FAQ Episode 19: Exercise and Migraine: preventive, provocative or both? Part II
FAQs for Natural Migraine Relief
I hope that you have had a chance to review last week’s FAQ, which was Episode 17 Exercise and Migraine Part I. We are in the middle of reviewing six root cause factors that affect how exercise can either prevent or promote migraine headaches. Last week we discussed:
1. Exercise, blood flow and the role of nitric oxide.
2. Exercise and the neurochemistry of migraine
3. Exercise and the role of rest and sleep
This week, in Part II we will consider the impact of three other potential root cause contributors that can modulate the role of exercise on migraines:
4. Exercise and metabolic factors in migraine
5. Exercise and female hormone balance
6. Exercise and your fitness level in migraine expression
As we did in Part I, I’ll include action plan ideas with each of them and then we’ll summarize them at the end of the article. Please keep in mind that we could easily fill each section with 15-20 pages of discussion and documentation. For the sake of brevity I will stay as focused, brief and as to the point as possible.
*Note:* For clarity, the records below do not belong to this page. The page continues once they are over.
(* Let $G$ be a group with finite generating set $S$. If $\textnormal{Geo}(G,S)$ is regular, then the geodesic skeleton subshift $X^g_{G,S}$ is sofic.
   Context: A word $w$ over $S\cup S^{-1}$ is geodesic if $|w|\le|v|$ for every word $v$ representing the same element of $G$; $\textnormal{Geo}(G,S)$ is the language of geodesic words. The skeleton subshift $X_{G,S}\subseteq(S\cup S^{-1})^{\mathbb{Z}}$ is the set of sequences none of whose non-empty finite factors represents $1_G$, and $X^g_{G,S}=\{x\in X_{G,S}\mid \text{every finite factor of }x\text{ is geodesic}\}$. A subshift over a finite alphabet is a set of bi-infinite sequences avoiding all words of a set $\mathcal F$ of forbidden finite words; it is sofic if $\mathcal F$ can be chosen to be a regular language. *)

theory Defs
  imports "HOL-Algebra.Generated_Groups"
begin

text \<open>Letters of the alphabet S \<union> S^-1: (s, False) stands for s, (s, True) for s^-1.\<close>
type_synonym 'a letter = "'a \<times> bool"

definition alphabet :: "'a set \<Rightarrow> 'a letter set" where
  "alphabet S = S \<times> (UNIV :: bool set)"

definition letter_eval :: "('a, 'b) monoid_scheme \<Rightarrow> 'a letter \<Rightarrow> 'a" where
  "letter_eval G l = (if snd l then inv\<^bsub>G\<^esub> (fst l) else fst l)"

definition word_eval :: "('a, 'b) monoid_scheme \<Rightarrow> 'a letter list \<Rightarrow> 'a" where
  "word_eval G w = foldr (\<lambda>l g. letter_eval G l \<otimes>\<^bsub>G\<^esub> g) w \<one>\<^bsub>G\<^esub>"

definition Geo :: "('a, 'b) monoid_scheme \<Rightarrow> 'a set \<Rightarrow> 'a letter list set" where
  "Geo G S = {w \<in> lists (alphabet S).
      \<forall>v \<in> lists (alphabet S). word_eval G v = word_eval G w \<longrightarrow> length w \<le> length v}"

definition regular_lang :: "'c set \<Rightarrow> 'c list set \<Rightarrow> bool" where
  "regular_lang A L \<longleftrightarrow> L \<subseteq> lists A \<and>
     (\<exists>(Q :: nat set) q0 (\<delta> :: nat \<Rightarrow> 'c \<Rightarrow> nat) F.
        finite Q \<and> q0 \<in> Q \<and> (\<forall>q\<in>Q. \<forall>a\<in>A. \<delta> q a \<in> Q) \<and> F \<subseteq> Q \<and>
        (\<forall>w \<in> lists A. w \<in> L \<longleftrightarrow> foldl \<delta> q0 w \<in> F))"

definition factor :: "(int \<Rightarrow> 'c) \<Rightarrow> int \<Rightarrow> nat \<Rightarrow> 'c list" where
  "factor x i n = map (\<lambda>k. x (i + int k)) [0..<n]"

definition full_shift :: "'c set \<Rightarrow> (int \<Rightarrow> 'c) set" where
  "full_shift A = {x. \<forall>i. x i \<in> A}"

definition shift_of_forbidden :: "'c set \<Rightarrow> 'c list set \<Rightarrow> (int \<Rightarrow> 'c) set" where
  "shift_of_forbidden A F = {x \<in> full_shift A. \<forall>i n. factor x i n \<notin> F}"

definition sofic :: "'c set \<Rightarrow> (int \<Rightarrow> 'c) set \<Rightarrow> bool" where
  "sofic A X \<longleftrightarrow> (\<exists>F. regular_lang A F \<and> X = shift_of_forbidden A F)"

definition skeleton :: "('a, 'b) monoid_scheme \<Rightarrow> 'a set \<Rightarrow> (int \<Rightarrow> 'a letter) set" where
  "skeleton G S = {x \<in> full_shift (alphabet S).
      \<forall>i n. n > 0 \<longrightarrow> word_eval G (factor x i n) \<noteq> \<one>\<^bsub>G\<^esub>}"

definition geo_skeleton :: "('a, 'b) monoid_scheme \<Rightarrow> 'a set \<Rightarrow> (int \<Rightarrow> 'a letter) set" where
  "geo_skeleton G S = {x \<in> skeleton G S. \<forall>i n. factor x i n \<in> Geo G S}"

end

theory Submission
  imports Defs
begin

text \<open>A non-empty geodesic word never represents the identity, since the empty word would be
  shorter. Hence the geodesic skeleton subshift consists of the sequences all of whose factors
  are geodesic, i.e. it is the subshift whose forbidden words are the non-geodesic ones, and this
  language is regular as the complement of a regular language.\<close>

lemma foldl_closed:
  assumes "\<forall>q\<in>Q. \<forall>a\<in>A. \<delta> q a \<in> Q" and "q \<in> Q" and "w \<in> lists A"
  shows "foldl \<delta> q w \<in> Q"
  using assms by (induction w arbitrary: q) auto

lemma regular_lang_complement:
  assumes "regular_lang A L"
  shows "regular_lang A (lists A - L)"
proof -
  from assms obtain Q q0 \<delta> F where Q: "finite (Q :: nat set)" "q0 \<in> Q"
    and \<delta>: "\<forall>q\<in>Q. \<forall>a\<in>A. \<delta> q a \<in> Q" and F: "F \<subseteq> Q"
    and accepts: "\<forall>w \<in> lists A. w \<in> L \<longleftrightarrow> foldl \<delta> q0 w \<in> F"
    unfolding regular_lang_def by blast
  have "\<forall>w \<in> lists A. w \<in> lists A - L \<longleftrightarrow> foldl \<delta> q0 w \<in> Q - F"
    using accepts foldl_closed[OF \<delta> \<open>q0 \<in> Q\<close>] by blast
  moreover have "Q - F \<subseteq> Q" by blast
  ultimately show ?thesis
    unfolding regular_lang_def using Q \<delta> by blast
qed

lemma factor_in_lists: "x \<in> full_shift A \<Longrightarrow> factor x i n \<in> lists A"
  unfolding factor_def full_shift_def by auto

lemma length_factor [simp]: "length (factor x i n) = n"
  unfolding factor_def by simp

lemma shift_of_forbidden_complement:
  "shift_of_forbidden A (lists A - L) = {x \<in> full_shift A. \<forall>i n. factor x i n \<in> L}"
  unfolding shift_of_forbidden_def using factor_in_lists by blast

lemma sofic_factors_in_regular:
  assumes "regular_lang A L"
  shows "sofic A {x \<in> full_shift A. \<forall>i n. factor x i n \<in> L}"
  unfolding sofic_def
  using regular_lang_complement[OF assms] shift_of_forbidden_complement by blast

lemma word_eval_Nil [simp]: "word_eval G [] = \<one>\<^bsub>G\<^esub>"
  unfolding word_eval_def by simp

lemma word_eval_Geo_neq_one:
  assumes "w \<in> Geo G S" and "w \<noteq> []"
  shows "word_eval G w \<noteq> \<one>\<^bsub>G\<^esub>"
proof
  assume "word_eval G w = \<one>\<^bsub>G\<^esub>"
  then have "length w \<le> length ([] :: 'a letter list)"
    using assms(1) unfolding Geo_def by (auto dest: bspec[of _ _ "[]"])
  with assms(2) show False by simp
qed

lemma geo_skeleton_eq:
  "geo_skeleton G S = {x \<in> full_shift (alphabet S). \<forall>i n. factor x i n \<in> Geo G S}"
proof -
  have "word_eval G (factor x i n) \<noteq> \<one>\<^bsub>G\<^esub>"
    if "\<forall>i n. factor x i n \<in> Geo G S" and "n > 0" for x :: "int \<Rightarrow> 'a letter" and i n
  proof (rule word_eval_Geo_neq_one)
    show "factor x i n \<in> Geo G S" using that(1) by blast
    show "factor x i n \<noteq> []" using that(2) by (metis length_factor list.size(3) less_irrefl)
  qed
  then show ?thesis
    unfolding geo_skeleton_def skeleton_def by blast
qed

theorem proposition6:
  fixes G :: "('a, 'b) monoid_scheme" and S :: "'a set"
  assumes "group G"
    and "finite S" and "S \<subseteq> carrier G" and "generate G S = carrier G"
    and "regular_lang (alphabet S) (Geo G S)"
  shows "sofic (alphabet S) (geo_skeleton G S)"
  unfolding geo_skeleton_eq using sofic_factors_in_regular[OF assms(5)] .

end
Let’s begin this episode, #18 Part II with:
4. Exercise and metabolic factors in migraine
By its nature, exercise puts a demand on the body to achieve a performance workload. Lets take a look at how this workload affects three factors that might affect migraine frequency or intensity.
a) Oxygen and lactic acid
Exercise can be described as either aerobic (with oxygen) or anaerobic (without oxygen). Exercise that exceeds our ability to bring the cell oxygen on demand can result in the production of lactic acid. Anaerobic exercise results in the an excess of the byproduct lactate. Magnetic resonance spectroscopy has shown higher migraine frequency is related to increased brain lactate level1 The bottom line here is that its best to stay within your aerobic range as you gradually extend your fitness capacity over time. The easiest definition of this it may be best to avoid getting too far into or staying in the “feeling acutely short of breath” zone with your exercise.
b) Hypoglycemia
While we would like exercise to melt fat directly and preferentially, most of the time our initial energy source in exercise is glucose. Since the preferential energy source in the brain is also glucose, low sugar levels often manifest there first. Fasting, skipping a meal, or having had a high carb meal 2-4 hours before an exercise session can drop your glucose level and may promote a migraine headache. Avoid the carb swing events noted above, and have a quick glucose fix of ~100 calories (sports drink, energy bar, etc.) available, especially if you are experiencing typical symptoms of hypoglycemia, such as irritability, low grade nausea, a feeling of ‘brain fog’ or lightheadedness, yawning or increased sweating as you go through your exercise session.
c) Hydration
Multiple studies suggest that dehydration can trigger a migraine. And if you are in a cycle of headache and nausea, the resulting dehydration can worsen the migraine. In dehydration, the brain meninges can be stressed, and the resulting signaling can overlap with the cortical spreading depression event that is a key part of the migraine process. If you are already low grade dehydrated before exercise, even a moderately intensive exercise session could contribute to a headache. It can be helpful to pre-hydrate with 10-16 oz of water before exercise, and then sipping another 10-16 oz through and after your session to stay hydrated and limit any fluid deficit contribution to a migraine event.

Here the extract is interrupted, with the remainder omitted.